*How to complete this task*: In the data that follows, find the line with "v) = sV c (mu"; transcribe it, every later line up to the one with "mu x f \<in>", and that line as well, exactly and with no others.
┄┄┄┄┄┄┄┄┄┄┄┄┄┄┄┄┄┄┄┄
lemma dual_space_separates:
  assumes "vector_space s"
    and "\<And>f. f \<in> dual_space s \<Longrightarrow> f v = f w"
  shows "v = w"
proof -
  interpret vector_space s by fact
  let ?E = "extend_basis {}"
  have indep: "independent ?E" and spans: "span ?E = UNIV"
    using independent_extend_basis span_extend_basis independent_empty by simp_all
  have "representation ?E (v - w) b = 0" for b
  proof -
    have "(\<lambda>u. representation ?E u b) \<in> dual_space s"
      unfolding dual_space_def using linear_representation[OF indep spans] by simp
    with assms(2) show ?thesis
      by (simp add: representation_diff indep spans)
  qed
  then have "v - w = 0"
    using sum_nonzero_representation_eq[OF indep, of "v - w"] spans by simp
  then show ?thesis
    by simp
qed

locale tp_algebra =
  fixes sA :: "'k::field \<Rightarrow> 'a::ab_group_add \<Rightarrow> 'a"
    and mult br :: "'a \<Rightarrow> 'a \<Rightarrow> 'a"
  assumes transposed_poisson: "transposed_poisson sA mult br"
begin

sublocale A: vector_space sA
  using transposed_poisson by (simp add: transposed_poisson_def)

lemma mult_linear_left: "mult (sA c x + y) z = sA c (mult x z) + mult y z"
  and mult_linear_right: "mult z (sA c x + y) = sA c (mult z x) + mult z y"
  and br_linear_left: "br (sA c x + y) z = sA c (br x z) + br y z"
  and br_linear_right: "br z (sA c x + y) = sA c (br z x) + br z y"
  and br_self: "br x x = 0"
  and jacobi: "br x (br y z) + br y (br z x) + br z (br x y) = 0"
  and compatibility: "sA 2 (mult z (br x y)) = br (mult z x) y + br x (mult z y)"
  using transposed_poisson by (simp_all add: transposed_poisson_def)

lemma mult_commute: "mult x y = mult y x"
  and mult_assoc: "mult (mult x y) z = mult x (mult y z)"
  using transposed_poisson unfolding transposed_poisson_def by blast+

lemma br_add_left: "br (x + y) z = br x z + br y z"
  using br_linear_left[where c = 1] by simp

lemma br_add_right: "br z (x + y) = br z x + br z y"
  using br_linear_right[where c = 1] by simp

lemma br_minus_right: "br x (- y) = - br x y"
proof -
  have "br x 0 = 0"
    using br_add_right[of x 0 0] by simp
  then have "br x y + br x (- y) = 0"
    by (simp flip: br_add_right)
  then show ?thesis
    by (simp add: eq_neg_iff_add_eq_0 add.commute)
qed

lemma br_antisym: "br x y = - br y x"
proof -
  have "0 = br (x + y) (x + y)"
    by (simp add: br_self)
  also have "\<dots> = br x y + br y x"
    unfolding br_add_left br_add_right by (simp add: br_self)
  finally show ?thesis
    by (metis eq_neg_iff_add_eq_0)
qed

lemma br_br_left: "br (br x y) z = br x (br y z) - br y (br x z)"
proof -
  have "br (br x y) z = - br z (br x y)"
    by (rule br_antisym)
  also have "\<dots> = br x (br y z) + br y (br z x)"
    using jacobi[of x y z] by (metis neg_eq_iff_add_eq_0 add.commute)
  also have "br y (br z x) = - br y (br x z)"
    using br_antisym[of z x] br_minus_right by simp
  finally show ?thesis
    by simp
qed

end

locale tp_representation = tp_algebra sA mult br
  for sA :: "'k::field \<Rightarrow> 'a::ab_group_add \<Rightarrow> 'a" and mult br :: "'a \<Rightarrow> 'a \<Rightarrow> 'a" +
  fixes sV :: "'k \<Rightarrow> 'v::ab_group_add \<Rightarrow> 'v"
    and mu rho :: "'a \<Rightarrow> 'v \<Rightarrow> 'v"
  assumes tp_rep: "tp_rep sA mult br sV UNIV mu rho"
begin

sublocale V: vector_space sV
  using tp_rep by (simp add: tp_rep_def)

lemma mu_linear_right: "mu x (sV c v + w) = sV c (mu x v) + mu x w"
  and rho_linear_right: "rho x (sV c v + w) = sV c (rho x v) + rho x w"
  and mu_linear_left: "mu (sA c x + y) v = sV c (mu x v) + mu y v"
  and rho_linear_left: "rho (sA c x + y) v = sV c (rho x v) + rho y v"
  and mu_mult: "mu (mult x y) v = mu x (mu y v)"
  and rho_br: "rho (br x y) v = rho x (rho y v) - rho y (rho x v)"
  and mu_rho: "sV 2 (mu x (rho y v)) = rho (mult x y) v + rho y (mu x v)"
  and mu_br: "sV 2 (mu (br x y) v) = rho x (mu y v) - rho y (mu x v)"
  using tp_rep by (simp_all add: tp_rep_def)

lemma mu_add: "mu x (v + w) = mu x v + mu x w"
  and rho_add: "rho x (v + w) = rho x v + rho x w"
  using mu_linear_right[where c = 1] rho_linear_right[where c = 1] by simp_all

lemma mu_scale: "mu x (sV c v) = sV c (mu x v)"
  and rho_scale: "rho x (sV c v) = sV c (rho x v)"
  using mu_linear_right[where w = 0] rho_linear_right[where w = 0]
    mu_add[where v = 0 and w = 0] rho_add[where v = 0 and w = 0]
  by simp_all

lemma tp_rep_dual_iff:
  "tp_rep sA mult br dual_scale (dual_space sV) (\<lambda>x f. - dual_op mu x f) (dual_op rho) \<longleftrightarrow>
    (\<forall>x y v. sV 2 (rho y (mu x v)) = rho (mult x y) v + mu x (rho y v)) \<and>
    (\<forall>x y v. sV 2 (mu (br x y) v) = mu x (rho y v) - mu y (rho x v))"
proof -
  let ?W = "dual_space sV"
  have f_add: "f (v + w) = f v + f w" and f_scale: "f (sV c v) = c * f v"
    if "f \<in> ?W" for f v w c
    using that by (simp_all add: mem_dual_space_iff[OF V.vector_space_axioms])
  have f_diff: "f (v - w) = f v - f w" if "f \<in> ?W" for f v w
    using f_add[OF that, of "v - w" w] by simp
  have dual_eq_iff: "(\<forall>f\<in>?W. f v = f w) \<longleftrightarrow> v = w" for v w
    using dual_space_separates[OF V.vector_space_axioms] by blast
  have closed: "\<forall>x. \<forall>f\<in>?W. - dual_op mu x f \<in> ?W \<and> dual_op rho x f \<in> ?W"
    by (auto simp: mem_dual_space_iff[OF V.vector_space_axioms] dual_op_def
        mu_add rho_add mu_scale rho_scale)
  have linear_right:
    "\<forall>x c. \<forall>f\<in>?W. \<forall>g\<in>?W. - dual_op mu x (dual_scale c f + g)
        = dual_scale c (- dual_op mu x f) + - dual_op mu x g"
    "\<forall>x c. \<forall>f\<in>?W. \<forall>g\<in>?W. dual_op rho x (dual_scale c f + g)
        = dual_scale c (dual_op rho x f) + dual_op rho x g"
    by (auto simp: dual_op_def dual_scale_def fun_eq_iff algebra_simps)
  have linear_left:
    "\<forall>c x y. \<forall>f\<in>?W. - dual_op mu (sA c x + y) f
        = dual_scale c (- dual_op mu x f) + - dual_op mu y f"
    "\<forall>c x y. \<forall>f\<in>?W. dual_op rho (sA c x + y) f
        = dual_scale c (dual_op rho x f) + dual_op rho y f"
    by (auto simp: dual_op_def dual_scale_def fun_eq_iff mu_linear_left rho_linear_left f_add f_scale)
  have dual_mu_mult: "\<forall>x y. \<forall>f\<in>?W. - dual_op mu (mult x y) f = - dual_op mu x (- dual_op mu y f)"
  proof (intro allI ballI ext)
    fix x y f u
    show "(- dual_op mu (mult x y) f) u = (- dual_op mu x (- dual_op mu y f)) u"
      using mu_mult[of y x u] by (simp add: dual_op_def mult_commute[of x y])
  qed
  have dual_rho_br: "\<forall>x y. \<forall>f\<in>?W. dual_op rho (br x y) f
      = dual_op rho x (dual_op rho y f) - dual_op rho y (dual_op rho x f)"
    by (auto simp: dual_op_def fun_eq_iff rho_br f_diff)
  have "tp_rep sA mult br dual_scale ?W (\<lambda>x f. - dual_op mu x f) (dual_op rho) \<longleftrightarrow>
    (\<forall>x y. \<forall>f\<in>?W. dual_scale 2 (- dual_op mu x (dual_op rho y f))
        = dual_op rho (mult x y) f + dual_op rho y (- dual_op mu x f)) \<and>
    (\<forall>x y. \<forall>f\<in>?W. dual_scale 2 (- dual_op mu (br x y) f)
        = dual_op rho x (- dual_op mu y f) - dual_op rho y (- dual_op mu x f))"
    unfolding tp_rep_def
    using vector_space_dual_scale subspace_dual_space[OF V.vector_space_axioms]
      closed linear_right linear_left dual_mu_mult dual_rho_br
    by auto
  also have "\<dots> \<longleftrightarrow>
    (\<forall>x y v. \<forall>f\<in>?W. f (sV 2 (rho y (mu x v))) = f (rho (mult x y) v + mu x (rho y v))) \<and>
    (\<forall>x y v. \<forall>f\<in>?W. f (sV 2 (mu (br x y) v)) = f (mu x (rho y v) - mu y (rho x v)))"
    by (auto simp: dual_op_def dual_scale_def fun_eq_iff f_add f_scale f_diff algebra_simps)
  finally show ?thesis
    by (simp add: dual_eq_iff)
qed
┄┄┄┄┄┄┄┄┄┄┄┄┄┄┄┄┄┄┄┄
*Answer to this exercise*:
lemma mu_scale: "mu x (sV c v) = sV c (mu x v)"
  and rho_scale: "rho x (sV c v) = sV c (rho x v)"
  using mu_linear_right[where w = 0] rho_linear_right[where w = 0]
    mu_add[where v = 0 and w = 0] rho_add[where v = 0 and w = 0]
  by simp_all

lemma tp_rep_dual_iff:
  "tp_rep sA mult br dual_scale (dual_space sV) (\<lambda>x f. - dual_op mu x f) (dual_op rho) \<longleftrightarrow>
    (\<forall>x y v. sV 2 (rho y (mu x v)) = rho (mult x y) v + mu x (rho y v)) \<and>
    (\<forall>x y v. sV 2 (mu (br x y) v) = mu x (rho y v) - mu y (rho x v))"
proof -
  let ?W = "dual_space sV"
  have f_add: "f (v + w) = f v + f w" and f_scale: "f (sV c v) = c * f v"
    if "f \<in> ?W" for f v w c
    using that by (simp_all add: mem_dual_space_iff[OF V.vector_space_axioms])
  have f_diff: "f (v - w) = f v - f w" if "f \<in> ?W" for f v w
    using f_add[OF that, of "v - w" w] by simp
  have dual_eq_iff: "(\<forall>f\<in>?W. f v = f w) \<longleftrightarrow> v = w" for v w
    using dual_space_separates[OF V.vector_space_axioms] by blast
  have closed: "\<forall>x. \<forall>f\<in>?W. - dual_op mu x f \<in> ?W \<and> dual_op rho x f \<in> ?W"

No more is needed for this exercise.